The Atlanta-based carrier, the nation's third-largest by
traffic, expects its first-quarter unit revenue--the amount it
takes in for each passenger flown a mile--to be up 3% to 4%,
compared with the year-ago period, he said.
United Continental Holdings Inc. Vice Chairman Jim Compton,
speaking at the same conference, said United canceled 23,000
flights in January and February due to the weather, 90% of them
smaller aircraft flown by its regional partners. Weather-driven
cancellations reduced the carrier's capacity in the two months by
about two percentage points. United, based in Chicago, is the
second-largest airline by traffic.
American Airlines Group Inc. said it scrubbed 28,000 flights in
those two months, an increase of 164% from the year earlier.
American said it expects to disclose the impact to its
profitability in early April. On Monday, the company said the
cancellations had a slightly positive impact on unit revenue, but
had a large negative impact on unit cost and first-quarter
profitability.
Unit revenue in the first quarter is expected to rise 2% to 4%
compared with a year ago, said American, now the No. 1 airline by
traffic since its December 2013 merger with US Airways.

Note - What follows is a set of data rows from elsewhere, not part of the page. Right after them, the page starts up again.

text \<open>
  Notation: sh, Bh and Gh are the paper's hatted quantities, and m k = mcoef F k.

  Induction on the level k. For k' < k the induction hypothesis and the monotonicity of m bound
  G k' (sh k - 1 + j) by m (k - 1) ^ j * (j + 1) * Gh k' (sh k - 1), so the recursion for B gives
  B k (sh k + j) \<le> m (k - 1) ^ j * (j + 1) * Bh k (sh k); with B \<le> 2 this is B \<le> Bh.
  For G, the lower bound on s k and m k \<ge> gam (k - 1) = (1 + (k - 1) m (k - 1)) / k make the
  factor m (k - 1) ^ j * (j + 1) decrease at rate m k from j = s k - sh k - 2 on, and the power
  hypothesis makes the clipping at 2 inactive there. So Bh k decays geometrically with ratio
  m k \<ge> F k past s k - 2, and the convolution in the recursion for G is bounded by
  m k ^ n * (n + 1) * Gh k (s k - 1).
\<close>

lemma gam_bounds:
  assumes "\<And>i. 1 \<le> i \<Longrightarrow> i \<le> k \<Longrightarrow> 0 \<le> F i \<and> F i < 1"
  shows "0 \<le> gam F k \<and> gam F k < 1"
  using assms
proof (induction k)
  case 0
  then show ?case by simp
next
  case (Suc k)
  define x where "x = max (F (Suc k)) (gam F k)"
  have x: "0 \<le> x" "x < 1"
    using Suc.IH Suc.prems[of "Suc k"] Suc.prems by (auto simp: x_def)
  have "(real k + 1) * x < real k + 1"
    using x by (simp add: mult_less_cancel_left1)
  moreover have "gam F (Suc k) = (1 + (real k + 1) * x) / (real k + 2)"
    by (simp add: x_def field_simps)
  ultimately show ?case
    using x by (simp add: divide_less_eq algebra_simps)
qed

lemma gam_eq_mcoef:
  assumes "1 \<le> k"
  shows "gam F k = 1 / (real k + 1) + real k / (real k + 1) * mcoef F k"
proof -
  obtain j where "k = Suc j" using assms by (cases k) auto
  then show ?thesis by (simp add: mcoef_def add.commute)
qed

lemma gam_le_mcoef_Suc: "gam F k \<le> mcoef F (Suc k)"
  by (simp add: mcoef_def)

lemma mcoef_le_mcoef_Suc:
  assumes "1 \<le> k" "mcoef F k \<le> 1"
  shows "mcoef F k \<le> mcoef F (Suc k)"
proof -
  have "mcoef F k \<le> gam F k"
    using assms by (simp add: gam_eq_mcoef field_simps)
  also have "gam F k \<le> mcoef F (Suc k)"
    by (rule gam_le_mcoef_Suc)
  finally show ?thesis .
qed

lemma mcoef_bounds:
  assumes "\<And>i. 1 \<le> i \<Longrightarrow> i \<le> k \<Longrightarrow> 0 < F i \<and> F i < 1" "1 \<le> k"
  shows "0 < mcoef F k" "mcoef F k < 1" "F k \<le> mcoef F k"
proof -
  have "0 \<le> gam F (k - 1) \<and> gam F (k - 1) < 1"
    using assms(1) by (intro gam_bounds) (simp add: less_imp_le)
  moreover have "0 < F k" "F k < 1"
    using assms by auto
  ultimately show "0 < mcoef F k" "mcoef F k < 1" "F k \<le> mcoef F k"
    using assms(2) by (auto simp: mcoef_def)
qed

lemma mcoef_mono:
  assumes "\<And>i. 1 \<le> i \<Longrightarrow> i \<le> k \<Longrightarrow> 0 < F i \<and> F i < 1" "1 \<le> k'" "k' \<le> k"
  shows "mcoef F k' \<le> mcoef F k"
proof (rule lift_Suc_mono_le_ivl[of "{1..<k}"])
  fix n assume "n \<in> {1..<k}"
  then show "mcoef F n \<le> mcoef F (Suc n)"
    using assms(1) mcoef_bounds(2)[of n F] by (intro mcoef_le_mcoef_Suc) auto
qed (use assms in auto)

lemma power_linear_ratio_le:
  fixes m M k j :: real
  assumes "0 < m" "m < 1" "1 \<le> k" "1 / k + (k - 1) / k * m \<le> M" "k * m / (1 - m) \<le> j + 1"
  shows "m * (j + 2) \<le> M * (j + 1)"
proof -
  have km: "k * m \<le> (j + 1) * (1 - m)"
    using assms(2,5) by (simp add: pos_divide_le_eq)
  have "0 \<le> k * m / (1 - m)"
    using assms(1-3) by simp
  then have j: "0 \<le> j + 1"
    using assms(5) by linarith
  have "k * (m * (j + 2)) \<le> (1 + (k - 1) * m) * (j + 1)"
    using km by (simp add: algebra_simps)
  also have "\<dots> = k * ((1 / k + (k - 1) / k * m) * (j + 1))"
    using assms(3) by (simp add: field_simps)
  also have "\<dots> \<le> k * (M * (j + 1))"
    using assms(3,4) j by (intro mult_left_mono mult_right_mono) auto
  finally show ?thesis
    using assms(3) by simp
qed

lemma power_linear_Suc_le:
  fixes m M :: real
  assumes "0 \<le> m" "m * (real j + 2) \<le> M * (real j + 1)"
  shows "m ^ Suc j * (real (Suc j) + 1) \<le> M * (m ^ j * (real j + 1))"
proof -
  have "m ^ Suc j * (real (Suc j) + 1) = m ^ j * (m * (real j + 2))"
    by (simp add: algebra_simps)
  also have "\<dots> \<le> m ^ j * (M * (real j + 1))"
    using assms by (intro mult_left_mono) auto
  finally show ?thesis
    by (simp add: algebra_simps)
qed
text \<open>Radon-Nikodym and slicing of the density: a measure dominated by a finite measure
  is a countable sum of finite measures.\<close>
lemma absolutely_continuous_sum_finite_measures:
  assumes "finite_measure L" "absolutely_continuous L N" "sets N = sets L"
  shows "\<exists>\<mu> :: nat \<Rightarrow> 'a measure. (\<forall>n. finite_measure (\<mu> n) \<and> sets (\<mu> n) = sets L) \<and>
           (\<forall>A\<in>sets L. emeasure N A = (\<Sum>n. emeasure (\<mu> n) A))"
proof -
  interpret finite_measure L by fact
  obtain f where f[measurable]: "f \<in> borel_measurable L" and density: "density L f = N"
    using Radon_Nikodym[OF assms(2,3)] by auto
  define \<mu> where "\<mu> n = density L (\<lambda>x. min 1 (f x - of_nat n))" for n :: nat
  have "finite_measure (\<mu> n)" for n
  proof (rule finite_measureI)
    have "emeasure (\<mu> n) (space (\<mu> n)) = (\<integral>\<^sup>+x. min 1 (f x - of_nat n) * indicator (space L) x \<partial>L)"
      by (simp add: \<mu>_def emeasure_density)
    also have "\<dots> \<le> (\<integral>\<^sup>+x. indicator (space L) x \<partial>L)"
      by (intro nn_integral_mono) (auto simp: indicator_def)
    also have "\<dots> < \<infinity>" using emeasure_finite[of "space L"] by (simp add: less_top[symmetric])
    finally show "emeasure (\<mu> n) (space (\<mu> n)) \<noteq> \<infinity>" by simp
  qed
  moreover have "emeasure N A = (\<Sum>n. emeasure (\<mu> n) A)" if A[measurable]: "A \<in> sets L" for A
  proof -
    have "emeasure N A = (\<integral>\<^sup>+x. f x * indicator A x \<partial>L)"
      by (simp add: density[symmetric] emeasure_density)
    also have "\<dots> = (\<integral>\<^sup>+x. (\<Sum>n. min 1 (f x - of_nat n) * indicator A x) \<partial>L)"
      by (simp add: suminf_truncations_ennreal)
    also have "\<dots> = (\<Sum>n. \<integral>\<^sup>+x. min 1 (f x - of_nat n) * indicator A x \<partial>L)"
      by (rule nn_integral_suminf) measurable
    finally show ?thesis by (simp add: \<mu>_def emeasure_density)
  qed
  ultimately show ?thesis by (intro exI[of _ \<mu>]) (auto simp: \<mu>_def)
qed

theorem proposition6p9:
  fixes M :: "'s measure" and P :: "'w measure" and \<pi> :: "'w \<Rightarrow> 's set"
  assumes "prob_space P"
    and "{(x, x) | x. x \<in> space M} \<in> sets (M \<Otimes>\<^sub>M M)"
    and "cr_set P M \<pi>"
    and "constructive P M \<pi>"
    and "indep_increments P M \<pi>"
  shows "\<exists>\<mu> :: nat \<Rightarrow> 's measure.
           (\<forall>n. finite_measure (\<mu> n) \<and> sets (\<mu> n) = sets M) \<and>
           (\<forall>A\<in>sets M. neglog1m (hitting P \<pi> A) = (\<Sum>n. emeasure (\<mu> n) A))"
proof -
  obtain \<pi>s :: "nat \<Rightarrow> 'w \<Rightarrow> 's set" where pieces: "\<And>k. finite_cr_set P M (\<pi>s k)"
    and union: "\<And>\<omega>. \<omega> \<in> space P \<Longrightarrow> \<pi> \<omega> = (\<Union>k. \<pi>s k \<omega>)"
    using assms(4) unfolding constructive_def by blast
  let ?L = "dominating_measure M P \<pi>s" and ?N = "hitting_measure P M \<pi>"
  have "finite_measure ?L"
    by (rule finite_dominating_measure[OF assms(1) pieces])
  moreover have "absolutely_continuous ?L ?N"
    using pieces union
    by (intro hitting_measure_absolutely_continuous[OF assms(1,3,5)]) (auto simp: finite_cr_set_def)
  ultimately obtain \<mu> :: "nat \<Rightarrow> 's measure"
    where "\<forall>n. finite_measure (\<mu> n) \<and> sets (\<mu> n) = sets M"
      and "\<forall>A\<in>sets M. emeasure ?N A = (\<Sum>n. emeasure (\<mu> n) A)"
    using absolutely_continuous_sum_finite_measures[of ?L ?N] by auto
  then show ?thesis
    using emeasure_hitting_measure[OF assms(1,3,5)] by auto
qed

end
lemma expected_latency_ge:
  assumes "\<And>T. c \<le> (\<Sum>t\<le>T. real t * lat_prob n prof i t) + (real T + C) * (1 - (\<Sum>t\<le>T. lat_prob n prof i t))"
  shows "ennreal c \<le> expected_latency n prof i"
proof -
  let ?p = "lat_prob n prof i"
  have p_nonneg: "0 \<le> ?p t" and w_nonneg: "0 \<le> real t * ?p t" for t
    by (simp_all add: lat_prob_def)
  show ?thesis
  proof (cases "(\<Sum>t. ennreal (?p t)) = 1 \<and> (\<Sum>t. ennreal (real t * ?p t)) \<noteq> \<top>")
    case False
    then show ?thesis
      by (auto simp: expected_latency_def)
  next
    case True
    have sp: "summable ?p"
      using True by (intro summable_suminf_not_top[OF p_nonneg]) simp
    have sw: "summable (\<lambda>t. real t * ?p t)"
      using True by (intro summable_suminf_not_top[OF w_nonneg]) simp
    have total: "?p sums 1"
      using True suminf_ennreal2[OF p_nonneg sp] summable_sums[OF sp] by simp
    have "c \<le> (\<Sum>t. real t * ?p t)"
      using p_nonneg total sw assms by (rule mean_ge_of_truncated_bounds)
    moreover have "expected_latency n prof i = ennreal (\<Sum>t. real t * ?p t)"
      using True suminf_ennreal2[OF w_nonneg sw] by (simp add: expected_latency_def)
    ultimately show ?thesis
      by (simp add: ennreal_leI)
  qed
qed

theorem lemma5:
  fixes n i :: nat and r :: protocol
  assumes "2 \<le> n" and "n \<le> 4" and "i < n"
    and "valid_protocol 2 r"
    and "r \<notin> G_f2 n i"
  shows "expected_latency n (\<lambda>j. if j = i then r else f2) i \<ge> ennreal (2 ^ n / real n)"
proof -
  have "latency_bound (n - 1) = 2 ^ n / real n"
    using assms(1,2) by (auto simp: latency_bound_def le_Suc_eq numeral_eq_Suc)
  then show ?thesis
    using latency_bound_le_truncated_mean[OF assms(4,2,3)]
    by (intro expected_latency_ge) auto
qed

end
(* For every infinite computable set $R\subseteq\mathbb N$, the sequence $\Omega_R$ is captured by a $\mathbf c_{\Omega,R}$-bounded test.
   Context: $\Omega$ is a fixed left-c.e. ML-random real, viewed also as an infinite binary sequence, with a computable increasing sequence of rationals $\Omega_s\to\Omega$ (here $\Omega_s$ for a number $s$ denotes the approximation). For an infinite set $R$, $\Omega_R$ is the sequence obtained from $\Omega$ by deleting the bits at positions outside $R$ (its $m$-th bit is $\Omega(p_R(m))$, $p_R(m)$ the $m$-th element of $R$). Let $k_s(n)=\lfloor-\log_2(\Omega_s-\Omega_n)\rfloor$ and $k(n)=\lfloor-\log_2(\Omega-\Omega_n)\rfloor$. Define $\mathbf c_{\Omega,R}(n,s)=2^{-|R\cap k_s(n)|}$ (where $R\cap m=R\cap\{0,\dots,m-1\}$), a monotonic cost function with limit $\underline{\mathbf c}_{\Omega,R}(n)=2^{-|R\cap k(n)|}$. A $\mathbf c$-bounded test is a nested sequence of uniformly c.e. open sets $V_n\subseteq 2^\omega$ with $\mu(V_n)\le C\,\underline{\mathbf c}(n)$ for some constant $C$; it captures the elements of $\bigcap_nV_n$. *)

theory Defs
  imports "HOL-Probability.Probability" "HOL-Library.Nat_Bijection"
begin

datatype recf = Zero | Succ | Proj nat | Comp recf "recf list" | Prec recf recf | Mn recf

inductive eval_recf :: "recf \<Rightarrow> nat list \<Rightarrow> nat \<Rightarrow> bool" where
  ev_zero: "eval_recf Zero xs 0"
| ev_succ: "eval_recf Succ (x # xs) (Suc x)"
| ev_proj: "i < length xs \<Longrightarrow> eval_recf (Proj i) xs (xs ! i)"
| ev_comp: "length ys = length gs \<Longrightarrow> (\<forall>i<length gs. eval_recf (gs ! i) xs (ys ! i))
            \<Longrightarrow> eval_recf f ys z \<Longrightarrow> eval_recf (Comp f gs) xs z"
| ev_prec0: "eval_recf f xs z \<Longrightarrow> eval_recf (Prec f g) (0 # xs) z"
| ev_precS: "eval_recf (Prec f g) (n # xs) y \<Longrightarrow> eval_recf g (y # n # xs) z
            \<Longrightarrow> eval_recf (Prec f g) (Suc n # xs) z"
| ev_mn: "eval_recf f (n # xs) 0 \<Longrightarrow> (\<forall>m<n. \<exists>y. eval_recf f (m # xs) y \<and> y \<noteq> 0)
            \<Longrightarrow> eval_recf (Mn f) xs n"

definition computable_fun :: "(nat \<Rightarrow> nat) \<Rightarrow> bool" where
  "computable_fun f \<longleftrightarrow> (\<exists>p. \<forall>n. eval_recf p [n] (f n))"

definition computable_set :: "nat set \<Rightarrow> bool" where
  "computable_set R \<longleftrightarrow> computable_fun (\<lambda>n. if n \<in> R then 1 else 0)"

definition ce_set :: "nat set \<Rightarrow> bool" where
  "ce_set A \<longleftrightarrow> (\<exists>p. \<forall>x. x \<in> A \<longleftrightarrow> (\<exists>y. eval_recf p [x] y))"

definition computable_rat_seq :: "(nat \<Rightarrow> real) \<Rightarrow> bool" where
  "computable_rat_seq q \<longleftrightarrow> (\<exists>a d. computable_fun a \<and> computable_fun d \<and>
      (\<forall>s. q s = real_of_int (int_decode (a s)) / real (Suc (d s))))"
(* Let $n\ge 3$ and let $\sigma$ be a maximal simplex of $\mathcal{VR}(\mathbb{I}_n;2)$. Then one of the following holds: (i) $\sigma = N[v]$ for some $v\in V(\mathbb{I}_n)$; (ii) $\sigma=\{v,v^{i_0},v^{j_0},v^{i_0,j_0}\}$ for some $v\in V(\mathbb{I}_n)$ and distinct $i_0,j_0\in[n]$; (iii) $\sigma = K_v^{i_0,j_0,k_0}$ for some $v\in V(\mathbb{I}_n)$ and distinct $i_0,j_0,k_0\in[n]$.
   Context: $\mathbb{I}_n$ is the $n$-dimensional hypercube graph on vertex set $\{0,1\}^n$ (adjacent iff differing in exactly one coordinate), with Hamming distance $d(v,w)=\#\{i: v(i)\ne w(i)\}$, where $v(i)$ is the $i$-th coordinate. $\mathcal{VR}(X;r)$ is the simplicial complex of finite subsets of the metric space $X$ of diameter at most $r$. $[n]=\{1,\dots,n\}$. For a vertex $v$ and distinct $i_1,\dots,i_k\in[n]$, $v^{i_1,\dots,i_k}$ is the vertex obtained from $v$ by changing coordinates $i_1,\dots,i_k$ (and only those). $N(v)=\{v^i:i\in[n]\}$ and $N[v]=N(v)\cup\{v\}$. For distinct $i,j,k\in[n]$, $K_v^{i,j,k}=\{v,v^{i,j},v^{j,k},v^{i,k}\}$. *)

theory Defs
  imports Main "HOL-Library.FuncSet"
begin

definition cube_vertices :: "nat \<Rightarrow> (nat \<Rightarrow> bool) set" where
  "cube_vertices n = {1..n} \<rightarrow>\<^sub>E (UNIV :: bool set)"

definition hamming :: "nat \<Rightarrow> (nat \<Rightarrow> bool) \<Rightarrow> (nat \<Rightarrow> bool) \<Rightarrow> nat" where
  "hamming n v w = card {i \<in> {1..n}. v i \<noteq> w i}"

definition VR :: "'a set \<Rightarrow> ('a \<Rightarrow> 'a \<Rightarrow> 'b::linorder) \<Rightarrow> 'b \<Rightarrow> 'a set set" where
  "VR X d r = {\<sigma>. finite \<sigma> \<and> \<sigma> \<noteq> {} \<and> \<sigma> \<subseteq> X \<and> (\<forall>x\<in>\<sigma>. \<forall>y\<in>\<sigma>. d x y \<le> r)}"

definition maximal_simplex :: "'a set set \<Rightarrow> 'a set \<Rightarrow> bool" where
  "maximal_simplex K \<sigma> \<longleftrightarrow> \<sigma> \<in> K \<and> (\<forall>\<tau>\<in>K. \<sigma> \<subseteq> \<tau> \<longrightarrow> \<tau> = \<sigma>)"

definition flip :: "(nat \<Rightarrow> bool) \<Rightarrow> nat set \<Rightarrow> (nat \<Rightarrow> bool)" where
  "flip v S = (\<lambda>i. if i \<in> S then \<not> v i else v i)"

definition closed_nbhd :: "nat \<Rightarrow> (nat \<Rightarrow> bool) \<Rightarrow> (nat \<Rightarrow> bool) set" where
  "closed_nbhd n v = insert v {flip v {i} | i. i \<in> {1..n}}"

definition Kv :: "(nat \<Rightarrow> bool) \<Rightarrow> nat \<Rightarrow> nat \<Rightarrow> nat \<Rightarrow> (nat \<Rightarrow> bool) set" where
  "Kv v i j k = {v, flip v {i, j}, flip v {j, k}, flip v {i, k}}"
theorem proposition4p2:
  shows "\<forall>m::nat. \<exists>C::real. C > 1 \<and>
    (\<forall>N br H tt gm XB UB.
       compact_lie_alg N br \<and> isotropy_alg N br H \<and> torus_alg N br H tt \<and>
       GT_metric N br H tt gm \<and> vdim (msp N H) = m \<and>
       onb gm (bsp N H tt) XB \<and> onb gm tt UB \<longrightarrow>
         (inverse C * normA_sq N br tt gm XB \<le> form_norm UB (hatA N br H tt gm XB) \<and>
          form_norm UB (hatA N br H tt gm XB) \<le> C * normA_sq N br tt gm XB) \<and>
         (inverse C * normA_sq N br tt gm XB \<le> form_norm XB (checkA N br tt gm XB) \<and>
          form_norm XB (checkA N br tt gm XB) \<le> C * normA_sq N br tt gm XB))"
  apply (intro allI)
  subgoal for m
    using oneill_setting.oneill_tensor_norm_bounds[OF oneill_setting.intro _ refl]
    by (intro exI[of _ "real m + 2"] conjI allI impI) auto
  done

end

Southwest Airlines Co. canceled 4,000 flights in January and
2,500 in February, Tammy Romo, the chief financial officer, said at
the J.P. Morgan conference. Southwest, which is No. 4 by traffic,
expects its first-quarter unit revenue to be up about 3% compared
with a year ago, Ms. Romo said. The Dallas airline offered 2.2%
less capacity in the first two months than a year ago.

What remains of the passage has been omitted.